EXTRACTED RECORDS: Begin

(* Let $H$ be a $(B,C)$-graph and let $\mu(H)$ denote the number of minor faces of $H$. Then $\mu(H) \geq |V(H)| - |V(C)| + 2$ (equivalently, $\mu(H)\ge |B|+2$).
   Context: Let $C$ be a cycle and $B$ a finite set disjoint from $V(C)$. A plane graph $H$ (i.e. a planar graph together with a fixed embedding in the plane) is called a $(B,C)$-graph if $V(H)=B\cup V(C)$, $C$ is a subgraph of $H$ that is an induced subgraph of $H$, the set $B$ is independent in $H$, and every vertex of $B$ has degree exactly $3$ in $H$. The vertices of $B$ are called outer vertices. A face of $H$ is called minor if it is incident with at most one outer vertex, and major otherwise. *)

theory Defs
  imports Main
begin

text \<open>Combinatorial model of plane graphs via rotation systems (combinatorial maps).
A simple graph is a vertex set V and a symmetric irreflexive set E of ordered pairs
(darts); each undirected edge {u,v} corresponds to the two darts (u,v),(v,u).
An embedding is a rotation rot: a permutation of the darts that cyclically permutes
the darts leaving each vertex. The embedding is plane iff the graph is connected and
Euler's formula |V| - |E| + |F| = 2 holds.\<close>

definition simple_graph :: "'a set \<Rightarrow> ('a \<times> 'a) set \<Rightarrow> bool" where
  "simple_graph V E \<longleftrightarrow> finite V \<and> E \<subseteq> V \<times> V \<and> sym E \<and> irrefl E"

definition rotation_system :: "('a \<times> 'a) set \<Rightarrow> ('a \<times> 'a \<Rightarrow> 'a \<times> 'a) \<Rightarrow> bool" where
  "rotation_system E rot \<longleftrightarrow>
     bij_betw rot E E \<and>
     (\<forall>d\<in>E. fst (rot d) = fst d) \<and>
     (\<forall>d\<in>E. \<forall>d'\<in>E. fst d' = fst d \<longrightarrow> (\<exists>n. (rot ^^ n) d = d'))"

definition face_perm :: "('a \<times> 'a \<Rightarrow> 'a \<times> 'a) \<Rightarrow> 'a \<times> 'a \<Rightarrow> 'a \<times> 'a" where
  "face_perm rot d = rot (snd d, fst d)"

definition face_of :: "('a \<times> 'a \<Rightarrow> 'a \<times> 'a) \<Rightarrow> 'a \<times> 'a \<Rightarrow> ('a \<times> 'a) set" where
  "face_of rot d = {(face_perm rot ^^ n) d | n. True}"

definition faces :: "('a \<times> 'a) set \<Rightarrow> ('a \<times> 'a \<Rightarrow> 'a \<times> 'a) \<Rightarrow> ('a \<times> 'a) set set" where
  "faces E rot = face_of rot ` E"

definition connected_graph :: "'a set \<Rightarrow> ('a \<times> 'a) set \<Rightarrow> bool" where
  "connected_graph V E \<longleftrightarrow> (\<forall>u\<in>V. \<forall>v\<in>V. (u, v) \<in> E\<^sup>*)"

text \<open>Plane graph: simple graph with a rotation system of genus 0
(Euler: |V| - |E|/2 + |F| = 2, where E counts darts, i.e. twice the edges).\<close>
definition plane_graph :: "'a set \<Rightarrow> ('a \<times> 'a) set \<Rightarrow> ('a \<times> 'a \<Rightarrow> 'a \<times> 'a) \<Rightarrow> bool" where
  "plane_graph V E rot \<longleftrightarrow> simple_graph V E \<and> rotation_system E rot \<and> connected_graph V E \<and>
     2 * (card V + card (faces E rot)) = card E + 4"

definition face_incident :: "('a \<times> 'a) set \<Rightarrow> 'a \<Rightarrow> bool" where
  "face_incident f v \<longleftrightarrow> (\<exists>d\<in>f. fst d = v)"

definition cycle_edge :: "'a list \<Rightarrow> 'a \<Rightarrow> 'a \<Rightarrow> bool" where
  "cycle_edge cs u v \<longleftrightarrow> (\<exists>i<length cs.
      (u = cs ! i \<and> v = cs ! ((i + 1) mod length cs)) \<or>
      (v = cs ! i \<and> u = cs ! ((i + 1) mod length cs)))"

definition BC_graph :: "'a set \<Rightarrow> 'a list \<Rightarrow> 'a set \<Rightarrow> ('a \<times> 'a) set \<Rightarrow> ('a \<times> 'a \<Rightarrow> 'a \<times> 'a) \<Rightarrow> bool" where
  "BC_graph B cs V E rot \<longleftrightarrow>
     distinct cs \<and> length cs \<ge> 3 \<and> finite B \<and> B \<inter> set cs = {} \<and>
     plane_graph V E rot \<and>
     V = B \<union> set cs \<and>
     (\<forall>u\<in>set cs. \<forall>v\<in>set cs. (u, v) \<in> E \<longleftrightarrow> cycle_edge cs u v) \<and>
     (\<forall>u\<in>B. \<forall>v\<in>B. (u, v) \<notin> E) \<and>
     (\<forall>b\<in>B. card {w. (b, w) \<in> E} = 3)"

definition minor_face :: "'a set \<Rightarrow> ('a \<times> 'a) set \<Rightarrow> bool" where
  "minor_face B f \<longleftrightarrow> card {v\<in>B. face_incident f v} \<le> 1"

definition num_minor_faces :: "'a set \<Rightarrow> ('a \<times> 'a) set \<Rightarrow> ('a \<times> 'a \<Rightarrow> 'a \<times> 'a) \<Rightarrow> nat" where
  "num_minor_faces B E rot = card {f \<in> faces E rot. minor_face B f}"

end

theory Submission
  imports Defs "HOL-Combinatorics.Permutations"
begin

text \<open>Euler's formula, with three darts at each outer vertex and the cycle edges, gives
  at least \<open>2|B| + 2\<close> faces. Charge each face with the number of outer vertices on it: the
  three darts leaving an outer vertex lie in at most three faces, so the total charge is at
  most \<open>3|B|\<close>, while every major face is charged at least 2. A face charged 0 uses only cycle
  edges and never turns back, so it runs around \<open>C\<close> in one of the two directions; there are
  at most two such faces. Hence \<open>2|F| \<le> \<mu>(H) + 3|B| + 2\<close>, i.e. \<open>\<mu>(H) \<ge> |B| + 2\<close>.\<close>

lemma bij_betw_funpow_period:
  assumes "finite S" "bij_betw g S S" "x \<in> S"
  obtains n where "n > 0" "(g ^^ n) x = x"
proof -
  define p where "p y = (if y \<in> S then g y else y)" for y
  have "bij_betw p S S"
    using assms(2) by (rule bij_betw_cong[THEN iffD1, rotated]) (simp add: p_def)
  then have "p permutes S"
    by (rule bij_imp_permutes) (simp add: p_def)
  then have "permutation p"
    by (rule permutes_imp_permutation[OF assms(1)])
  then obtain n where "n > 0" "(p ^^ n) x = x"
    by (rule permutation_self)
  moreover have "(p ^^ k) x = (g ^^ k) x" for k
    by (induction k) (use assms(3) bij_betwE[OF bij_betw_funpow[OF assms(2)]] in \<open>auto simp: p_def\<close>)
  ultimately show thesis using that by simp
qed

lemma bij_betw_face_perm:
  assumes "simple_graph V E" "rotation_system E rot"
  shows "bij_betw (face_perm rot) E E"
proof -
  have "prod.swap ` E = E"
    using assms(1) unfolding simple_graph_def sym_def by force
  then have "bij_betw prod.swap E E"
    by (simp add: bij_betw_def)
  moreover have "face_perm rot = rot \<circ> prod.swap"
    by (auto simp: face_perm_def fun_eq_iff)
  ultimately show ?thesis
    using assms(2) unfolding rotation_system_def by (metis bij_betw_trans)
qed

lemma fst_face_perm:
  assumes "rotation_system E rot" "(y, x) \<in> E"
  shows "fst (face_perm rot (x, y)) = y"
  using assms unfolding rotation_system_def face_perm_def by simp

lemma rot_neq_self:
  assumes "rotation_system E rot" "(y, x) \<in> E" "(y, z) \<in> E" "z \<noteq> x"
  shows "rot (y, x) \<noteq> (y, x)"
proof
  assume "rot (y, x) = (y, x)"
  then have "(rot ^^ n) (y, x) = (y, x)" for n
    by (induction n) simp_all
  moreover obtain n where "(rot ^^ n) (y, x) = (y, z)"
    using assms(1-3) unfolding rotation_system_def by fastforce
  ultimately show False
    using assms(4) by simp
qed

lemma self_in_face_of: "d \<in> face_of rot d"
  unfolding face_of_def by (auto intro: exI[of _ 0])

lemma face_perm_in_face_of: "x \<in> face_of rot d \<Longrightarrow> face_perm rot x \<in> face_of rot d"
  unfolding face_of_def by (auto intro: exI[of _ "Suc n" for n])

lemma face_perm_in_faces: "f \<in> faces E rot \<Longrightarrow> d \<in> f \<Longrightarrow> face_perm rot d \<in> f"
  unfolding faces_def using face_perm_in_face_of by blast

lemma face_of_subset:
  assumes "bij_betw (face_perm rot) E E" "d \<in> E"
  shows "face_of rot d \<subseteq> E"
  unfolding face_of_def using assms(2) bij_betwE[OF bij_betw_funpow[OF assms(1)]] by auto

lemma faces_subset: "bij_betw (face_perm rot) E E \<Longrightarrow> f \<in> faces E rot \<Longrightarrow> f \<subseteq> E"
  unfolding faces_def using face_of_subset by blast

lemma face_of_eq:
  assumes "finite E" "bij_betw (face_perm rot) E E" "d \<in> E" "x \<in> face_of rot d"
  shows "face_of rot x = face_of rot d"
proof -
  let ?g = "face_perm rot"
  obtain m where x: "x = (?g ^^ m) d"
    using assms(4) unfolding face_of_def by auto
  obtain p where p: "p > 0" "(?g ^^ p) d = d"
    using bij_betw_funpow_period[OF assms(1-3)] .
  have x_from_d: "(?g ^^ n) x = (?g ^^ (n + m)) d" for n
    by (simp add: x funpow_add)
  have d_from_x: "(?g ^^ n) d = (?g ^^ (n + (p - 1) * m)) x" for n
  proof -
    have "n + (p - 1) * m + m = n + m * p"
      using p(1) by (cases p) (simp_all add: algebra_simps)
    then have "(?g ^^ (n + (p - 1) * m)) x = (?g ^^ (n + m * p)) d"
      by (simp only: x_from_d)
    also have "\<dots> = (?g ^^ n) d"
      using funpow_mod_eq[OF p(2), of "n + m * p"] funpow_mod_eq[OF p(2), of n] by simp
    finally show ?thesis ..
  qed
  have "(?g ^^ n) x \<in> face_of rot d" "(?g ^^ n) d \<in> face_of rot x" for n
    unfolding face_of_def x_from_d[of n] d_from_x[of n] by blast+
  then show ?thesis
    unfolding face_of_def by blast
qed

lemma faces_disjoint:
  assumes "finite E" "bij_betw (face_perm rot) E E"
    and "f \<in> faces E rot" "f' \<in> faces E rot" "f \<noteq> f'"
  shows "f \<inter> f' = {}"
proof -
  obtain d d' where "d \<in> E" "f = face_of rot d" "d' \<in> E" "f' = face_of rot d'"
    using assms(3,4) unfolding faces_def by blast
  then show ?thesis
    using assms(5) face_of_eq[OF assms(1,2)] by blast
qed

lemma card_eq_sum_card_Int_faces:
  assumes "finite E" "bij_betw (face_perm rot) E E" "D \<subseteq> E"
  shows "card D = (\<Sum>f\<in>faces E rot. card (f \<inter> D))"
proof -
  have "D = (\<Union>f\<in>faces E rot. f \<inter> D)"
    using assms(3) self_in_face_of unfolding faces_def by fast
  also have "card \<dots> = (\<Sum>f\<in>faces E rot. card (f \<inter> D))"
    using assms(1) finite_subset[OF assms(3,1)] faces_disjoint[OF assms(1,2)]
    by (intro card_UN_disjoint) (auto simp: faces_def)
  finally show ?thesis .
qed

EXTRACTED RECORDS: End
EXTRACTED RECORDS: Begin

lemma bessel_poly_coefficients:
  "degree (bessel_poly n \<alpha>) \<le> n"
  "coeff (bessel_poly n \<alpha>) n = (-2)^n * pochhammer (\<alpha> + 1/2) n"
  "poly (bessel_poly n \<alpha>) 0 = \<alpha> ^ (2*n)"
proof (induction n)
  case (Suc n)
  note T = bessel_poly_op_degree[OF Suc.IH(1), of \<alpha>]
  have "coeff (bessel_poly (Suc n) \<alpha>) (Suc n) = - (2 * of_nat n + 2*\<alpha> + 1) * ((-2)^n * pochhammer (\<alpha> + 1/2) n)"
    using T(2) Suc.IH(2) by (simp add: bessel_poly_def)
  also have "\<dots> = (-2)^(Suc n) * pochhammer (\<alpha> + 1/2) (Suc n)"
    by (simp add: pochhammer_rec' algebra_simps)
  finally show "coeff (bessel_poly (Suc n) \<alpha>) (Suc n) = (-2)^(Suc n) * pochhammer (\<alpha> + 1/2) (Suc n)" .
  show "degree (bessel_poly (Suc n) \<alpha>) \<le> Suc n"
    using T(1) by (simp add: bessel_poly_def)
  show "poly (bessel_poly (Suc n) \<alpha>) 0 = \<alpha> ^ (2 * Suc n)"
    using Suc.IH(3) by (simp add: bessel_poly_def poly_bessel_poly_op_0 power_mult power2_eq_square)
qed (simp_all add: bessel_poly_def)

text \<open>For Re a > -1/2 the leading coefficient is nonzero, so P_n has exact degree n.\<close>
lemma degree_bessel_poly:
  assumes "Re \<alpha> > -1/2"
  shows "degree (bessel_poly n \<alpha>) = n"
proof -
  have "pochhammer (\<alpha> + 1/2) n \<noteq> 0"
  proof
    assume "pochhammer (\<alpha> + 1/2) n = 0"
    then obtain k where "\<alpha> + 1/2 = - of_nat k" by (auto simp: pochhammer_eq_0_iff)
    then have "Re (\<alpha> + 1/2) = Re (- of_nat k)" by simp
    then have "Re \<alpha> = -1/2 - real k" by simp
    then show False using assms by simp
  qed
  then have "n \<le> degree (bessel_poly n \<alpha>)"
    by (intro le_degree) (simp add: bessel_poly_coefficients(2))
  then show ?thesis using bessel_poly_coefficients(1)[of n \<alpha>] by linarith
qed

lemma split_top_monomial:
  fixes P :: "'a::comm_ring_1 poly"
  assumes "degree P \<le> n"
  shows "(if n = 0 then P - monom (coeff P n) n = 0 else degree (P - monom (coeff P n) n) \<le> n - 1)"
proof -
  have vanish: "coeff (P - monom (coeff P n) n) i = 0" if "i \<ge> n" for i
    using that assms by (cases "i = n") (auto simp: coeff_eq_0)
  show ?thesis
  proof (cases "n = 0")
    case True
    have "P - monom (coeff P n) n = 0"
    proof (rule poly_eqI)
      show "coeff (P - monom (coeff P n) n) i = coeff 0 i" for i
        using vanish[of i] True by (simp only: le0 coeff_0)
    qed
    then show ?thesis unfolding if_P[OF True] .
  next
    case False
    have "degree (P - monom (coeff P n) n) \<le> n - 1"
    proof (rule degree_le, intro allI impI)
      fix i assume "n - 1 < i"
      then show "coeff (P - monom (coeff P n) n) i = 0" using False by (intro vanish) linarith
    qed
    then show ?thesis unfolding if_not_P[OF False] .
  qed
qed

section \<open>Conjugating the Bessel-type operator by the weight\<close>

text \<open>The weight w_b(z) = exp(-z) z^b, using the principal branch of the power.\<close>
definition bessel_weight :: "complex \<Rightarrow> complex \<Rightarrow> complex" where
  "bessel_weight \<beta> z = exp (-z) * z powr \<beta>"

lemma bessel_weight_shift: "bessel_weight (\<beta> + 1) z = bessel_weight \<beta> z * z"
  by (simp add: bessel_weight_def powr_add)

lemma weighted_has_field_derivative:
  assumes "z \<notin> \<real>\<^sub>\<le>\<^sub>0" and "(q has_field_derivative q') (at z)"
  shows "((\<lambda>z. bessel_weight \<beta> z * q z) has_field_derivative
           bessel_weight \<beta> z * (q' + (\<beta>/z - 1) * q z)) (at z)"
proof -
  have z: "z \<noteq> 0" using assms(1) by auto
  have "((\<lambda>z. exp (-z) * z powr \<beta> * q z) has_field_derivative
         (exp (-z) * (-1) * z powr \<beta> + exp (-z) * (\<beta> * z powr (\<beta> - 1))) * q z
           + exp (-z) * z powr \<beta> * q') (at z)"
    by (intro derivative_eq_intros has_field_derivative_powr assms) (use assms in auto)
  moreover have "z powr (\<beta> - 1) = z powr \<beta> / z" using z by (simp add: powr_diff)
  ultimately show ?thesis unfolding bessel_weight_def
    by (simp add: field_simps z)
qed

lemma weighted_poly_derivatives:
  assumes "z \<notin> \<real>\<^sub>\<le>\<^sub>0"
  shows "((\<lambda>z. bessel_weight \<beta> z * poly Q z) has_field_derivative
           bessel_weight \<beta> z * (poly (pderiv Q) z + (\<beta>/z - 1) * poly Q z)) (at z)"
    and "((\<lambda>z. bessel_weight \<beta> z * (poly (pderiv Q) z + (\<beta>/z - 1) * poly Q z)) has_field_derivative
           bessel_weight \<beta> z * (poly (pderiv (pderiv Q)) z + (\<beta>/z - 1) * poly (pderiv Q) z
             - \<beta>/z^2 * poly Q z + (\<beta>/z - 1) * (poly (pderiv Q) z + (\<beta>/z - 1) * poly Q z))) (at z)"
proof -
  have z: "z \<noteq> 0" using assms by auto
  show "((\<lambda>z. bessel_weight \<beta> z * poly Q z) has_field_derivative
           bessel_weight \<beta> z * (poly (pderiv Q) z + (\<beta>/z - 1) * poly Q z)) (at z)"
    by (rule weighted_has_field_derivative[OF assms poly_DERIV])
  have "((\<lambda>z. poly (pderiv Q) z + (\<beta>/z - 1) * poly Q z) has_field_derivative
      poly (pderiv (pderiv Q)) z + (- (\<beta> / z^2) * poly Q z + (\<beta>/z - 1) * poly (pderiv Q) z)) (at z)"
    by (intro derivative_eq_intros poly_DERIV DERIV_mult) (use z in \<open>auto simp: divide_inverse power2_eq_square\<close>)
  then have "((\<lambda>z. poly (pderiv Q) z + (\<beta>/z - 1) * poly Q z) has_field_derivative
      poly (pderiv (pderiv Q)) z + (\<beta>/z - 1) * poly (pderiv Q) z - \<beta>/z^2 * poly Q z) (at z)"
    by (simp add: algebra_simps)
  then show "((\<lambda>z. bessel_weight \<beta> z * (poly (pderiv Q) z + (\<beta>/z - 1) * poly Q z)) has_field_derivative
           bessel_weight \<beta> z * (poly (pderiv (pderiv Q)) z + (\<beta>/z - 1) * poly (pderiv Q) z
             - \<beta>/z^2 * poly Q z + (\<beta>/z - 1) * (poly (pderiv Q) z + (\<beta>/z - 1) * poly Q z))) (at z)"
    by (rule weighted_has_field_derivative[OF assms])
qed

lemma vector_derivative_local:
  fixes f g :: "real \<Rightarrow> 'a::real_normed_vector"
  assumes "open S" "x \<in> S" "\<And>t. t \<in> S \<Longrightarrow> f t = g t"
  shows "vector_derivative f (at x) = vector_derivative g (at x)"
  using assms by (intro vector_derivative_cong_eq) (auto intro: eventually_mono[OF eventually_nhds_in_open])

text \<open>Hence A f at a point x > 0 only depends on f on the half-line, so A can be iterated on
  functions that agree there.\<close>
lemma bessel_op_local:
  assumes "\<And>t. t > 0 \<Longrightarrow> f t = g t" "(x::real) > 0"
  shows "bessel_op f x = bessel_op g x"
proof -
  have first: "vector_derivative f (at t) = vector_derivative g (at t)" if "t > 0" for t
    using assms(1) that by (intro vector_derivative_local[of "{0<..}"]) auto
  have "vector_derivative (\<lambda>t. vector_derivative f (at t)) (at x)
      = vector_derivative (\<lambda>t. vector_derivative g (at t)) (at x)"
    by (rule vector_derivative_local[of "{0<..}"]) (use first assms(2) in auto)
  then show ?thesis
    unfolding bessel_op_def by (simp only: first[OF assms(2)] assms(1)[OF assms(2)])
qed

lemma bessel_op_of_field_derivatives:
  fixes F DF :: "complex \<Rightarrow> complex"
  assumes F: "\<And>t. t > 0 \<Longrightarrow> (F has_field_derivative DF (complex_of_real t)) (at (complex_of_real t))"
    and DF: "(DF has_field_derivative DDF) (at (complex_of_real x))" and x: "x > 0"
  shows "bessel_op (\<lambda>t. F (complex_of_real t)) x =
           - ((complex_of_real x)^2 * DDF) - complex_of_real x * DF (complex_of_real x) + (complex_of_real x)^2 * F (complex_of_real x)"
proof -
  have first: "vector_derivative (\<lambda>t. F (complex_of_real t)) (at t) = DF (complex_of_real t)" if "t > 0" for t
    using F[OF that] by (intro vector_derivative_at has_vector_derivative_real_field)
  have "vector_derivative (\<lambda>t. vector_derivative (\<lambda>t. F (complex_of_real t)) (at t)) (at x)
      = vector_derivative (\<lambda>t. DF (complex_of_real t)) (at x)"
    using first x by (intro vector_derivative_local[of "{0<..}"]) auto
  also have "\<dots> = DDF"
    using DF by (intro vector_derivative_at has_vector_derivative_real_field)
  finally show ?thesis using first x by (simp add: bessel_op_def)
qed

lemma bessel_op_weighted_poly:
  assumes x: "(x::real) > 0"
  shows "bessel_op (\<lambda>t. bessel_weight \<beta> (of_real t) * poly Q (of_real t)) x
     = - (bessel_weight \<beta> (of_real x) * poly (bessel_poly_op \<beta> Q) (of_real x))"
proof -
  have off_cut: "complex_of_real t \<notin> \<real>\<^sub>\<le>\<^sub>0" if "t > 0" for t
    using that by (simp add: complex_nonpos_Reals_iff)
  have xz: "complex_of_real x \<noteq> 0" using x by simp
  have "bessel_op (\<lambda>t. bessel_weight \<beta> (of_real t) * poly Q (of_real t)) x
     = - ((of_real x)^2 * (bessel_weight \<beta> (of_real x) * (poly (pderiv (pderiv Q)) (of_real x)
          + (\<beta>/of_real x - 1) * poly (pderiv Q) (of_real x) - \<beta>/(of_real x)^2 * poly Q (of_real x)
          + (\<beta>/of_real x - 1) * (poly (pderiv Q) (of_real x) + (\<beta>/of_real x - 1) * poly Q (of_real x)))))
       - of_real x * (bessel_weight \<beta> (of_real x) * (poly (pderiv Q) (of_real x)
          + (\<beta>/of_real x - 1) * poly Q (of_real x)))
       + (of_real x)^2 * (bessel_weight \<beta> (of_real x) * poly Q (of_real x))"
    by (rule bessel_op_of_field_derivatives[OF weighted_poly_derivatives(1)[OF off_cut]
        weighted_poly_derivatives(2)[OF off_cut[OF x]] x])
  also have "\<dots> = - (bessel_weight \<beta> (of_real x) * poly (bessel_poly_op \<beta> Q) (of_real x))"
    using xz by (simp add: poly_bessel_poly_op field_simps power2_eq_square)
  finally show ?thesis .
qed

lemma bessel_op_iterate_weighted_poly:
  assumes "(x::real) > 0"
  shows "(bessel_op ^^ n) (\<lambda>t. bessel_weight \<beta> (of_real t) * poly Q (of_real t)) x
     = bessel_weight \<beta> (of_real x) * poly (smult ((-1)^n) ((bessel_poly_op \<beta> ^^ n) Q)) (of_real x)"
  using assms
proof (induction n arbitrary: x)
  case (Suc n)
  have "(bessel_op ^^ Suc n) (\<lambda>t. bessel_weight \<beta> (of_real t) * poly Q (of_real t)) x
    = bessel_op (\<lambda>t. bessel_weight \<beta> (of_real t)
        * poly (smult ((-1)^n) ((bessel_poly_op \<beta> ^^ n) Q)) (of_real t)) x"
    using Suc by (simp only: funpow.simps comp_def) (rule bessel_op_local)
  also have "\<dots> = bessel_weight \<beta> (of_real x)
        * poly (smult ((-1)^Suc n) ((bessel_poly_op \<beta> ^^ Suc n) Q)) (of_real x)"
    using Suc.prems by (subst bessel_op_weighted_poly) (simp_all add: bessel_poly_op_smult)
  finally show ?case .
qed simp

EXTRACTED RECORDS: End

WORK TASK
Wherever the line holding "(* Let $H$ be" falls in the entries above, copy exactly from it through the line holding "text \<open>Combinatorial model", inclusive, and add nothing.

YOUR SOLUTION
(* Let $H$ be a $(B,C)$-graph and let $\mu(H)$ denote the number of minor faces of $H$. Then $\mu(H) \geq |V(H)| - |V(C)| + 2$ (equivalently, $\mu(H)\ge |B|+2$).
   Context: Let $C$ be a cycle and $B$ a finite set disjoint from $V(C)$. A plane graph $H$ (i.e. a planar graph together with a fixed embedding in the plane) is called a $(B,C)$-graph if $V(H)=B\cup V(C)$, $C$ is a subgraph of $H$ that is an induced subgraph of $H$, the set $B$ is independent in $H$, and every vertex of $B$ has degree exactly $3$ in $H$. The vertices of $B$ are called outer vertices. A face of $H$ is called minor if it is incident with at most one outer vertex, and major otherwise. *)

theory Defs
  imports Main
begin

text \<open>Combinatorial model of plane graphs via rotation systems (combinatorial maps).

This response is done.